The Struggle in posters

16 September 2008 | Story by Newsroom


Original artworks and posters depicting the liberation struggles, in an exhibition titled Imaging the Struggles: An exhibition of Southern African struggle posters, have been gracing the African Studies Library for the past weeks.

The exhibition was mounted to coincide with a New Perspectives Conference, titled Liberation Struggles in Southern Africa, held at the Centre for African Studies in early September.

"The posters of the liberation struggle were both didactic and propagandist as well as constituting historical documents for successive generations," explains Sandy Shell, head librarian at the African Studies Library.

So, for example, the poster of Ruth First is particularly significant as it was produced at the Universidade Eduardo Mondlane in Mozambique within 24 hours of her assassination there, explains Shell.
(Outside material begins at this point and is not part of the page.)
(* Let $\hat\Omega\in\mathfrak{R}^n$, let $f:\hat\Omega\to\mathbb{R}^n$ and $G:\hat\Omega\to\mathbb{R}^{n\times m}$ with $f(0)=0$, and consider $\dot x=f(x)+G(x)u$, $x\in\hat\Omega$, with $u=\kappa(t)$ for $t\ge0$. Let $\mathcal{T}=\{\sigma_i\}_{i=1}^{m_{\mathcal{T}}}$, $\sigma_i=\mathrm{co}(\{x_{i,j}\}_{j=0}^n)$, be a triangulation of $\hat\Omega$ with $f,G\in\mathcal{C}^2(\mathcal{T})$. Let $\mathcal{A}_1\in\mathfrak{R}^n$ with $\mathcal{A}_1\subset\hat\Omega$ and $\partial\mathcal{A}_1$ contained in the union of the boundaries $\partial\sigma_i$, and let $\mathbb{I}_1=\{i\in\mathbb{Z}_1^{m_{\mathcal{T}}}:\sigma_i\not\subseteq\mathcal{A}_1\}$. For each $i$ let $\beta_i\ge\max_{p,q,r\in\mathbb{Z}_1^n}\max_{\xi\in\sigma_i}\big|\partial^2 f^{(p)}/\partial x^{(q)}\partial x^{(r)}(\xi)\big|$, let $\hat g_i=\max_{x\in\sigma_i}\|G(x)\|_\infty$, and let $c_{i,j}=\tfrac{n}{2}\|x_{i,j}-x_{i,0}\|_2(\max_{k\in\mathbb{Z}_1^n}\|x_{i,k}-x_{i,0}\|_2+\|x_{i,j}-x_{i,0}\|_2)$. For vertex values $\mathbf{W}=\{W_x\}_{x\in\mathbb{E}_{\mathcal{T}}}$, vectors $\hat{\mathbf{L}}=\{\hat l_i\}\subset\mathbb{R}^n$ and scalars $b_2,\hat u$, set $D^+_{i,j}W=f(x_{i,j})^\intercal\nabla W_i+(1_n^\intercal\hat l_i)(\beta_i c_{i,j}+\hat g_i\hat u)$. Then there exist $\mathbf{W},\hat{\mathbf{L}},b_2,\hat u$ satisfying (i) $\hat u>0$; (ii) $W_x>0$ for all $x\in\mathbb{E}_{\mathcal{T}}$; (iii) $|\nabla W_i|\le\hat l_i$ (componentwise) for all $i$; (iv) $D^+_{i,j}W\le -b_2$ for all $i\in\mathbb{I}_1$, $j\in\mathbb{Z}_0^n$. Suppose further that such values satisfy $b_2>0$ and that there is a sublevel set $\mathcal{A}=\{x\in\hat\Omega: W(x)\le c\}$ of the CPA interpolation $W$ of $\mathbf{W}$ with $\mathcal{A}_1\subset\mathcal{A}\subseteq\hat\Omega$. Then, provided $\|\kappa(t)\|_\infty\le\hat u$ for all $t\ge0$, the restriction of $W$ to $\mathcal{A}^\circ$ is a barrier function, i.e.: $W$ is Lipschitz, $W(x)>0$ for all $x\in\hat\Omega$, and $D^+W(x)\le -b_2$ for all $x\in(\hat\Omega\setminus\mathcal{A}_1)^\circ$, where $D^+W$ is the Dini derivative of $W$ along $\dot x=f(x)+G(x)u$ with $\|u\|_\infty\le\hat u$.
   Context: $\mathfrak{R}^n$: compact sets $\Omega\subset\mathbb{R}^n$ with connected interior containing $0$ and $\Omega=\overline{\Omega^\circ}$. A triangulation of $\Omega$ is a finite collection of $n$-simplexes (convex hulls of $n+1$ affinely independent vertices) with union $\Omega$, any two meeting in a common face or not at all; $\mathbb{E}_{\mathcal{T}}$ is its vertex set; the vertex $x_{i,0}$ is arbitrary unless $0\in\sigma_i$, in which case $x_{i,0}=0$. $\mathcal{C}^2(\mathcal{T})$: continuous and $\mathcal{C}^2$ on each simplex. With $X_i$ the matrix with rows $(x_{i,j}-x_{i,0})^\intercal$ and $\bar W_i$ the vector with entries $W_{x_{i,j}}-W_{x_{i,0}}$, $\nabla W_i=X_i^{-1}\bar W_i$, and the CPA interpolation $W$ is the unique continuous function affine on each $\sigma_i$ with gradient $\nabla W_i$ and $W(x)=W_x$ at vertices. The Dini derivative is $D^+W(x)=\limsup_{h\to0^+}(W(x+h\,v)-W(x))/h$ with $v=f(x)+G(x)u$. $\|G\|_\infty$ is the induced $\infty$-norm, $1_n$ the all-ones vector, $|v|$ componentwise absolute value. *)

theory Defs
  imports "HOL-Analysis.Analysis"
begin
The posters, from South Africa, Mozambique, Angola, Namibia and Zimbabwe, as well from the auxiliary 'progressive' support movements in Europe and North America, were drawn from the collections housed in the African Studies Library. Two of the posters on display are original artworks created to promote the launch of the United Democratic Front (UDF) at Rocklands Civic Centre some 25 years ago.

The role of women in the liberation struggles throughout the region is also well represented (left).

The posters' significance lies in keeping alive the essence of the values for which so many fought and gave up their lives, says Shell.

The exhibition runs until 19 September.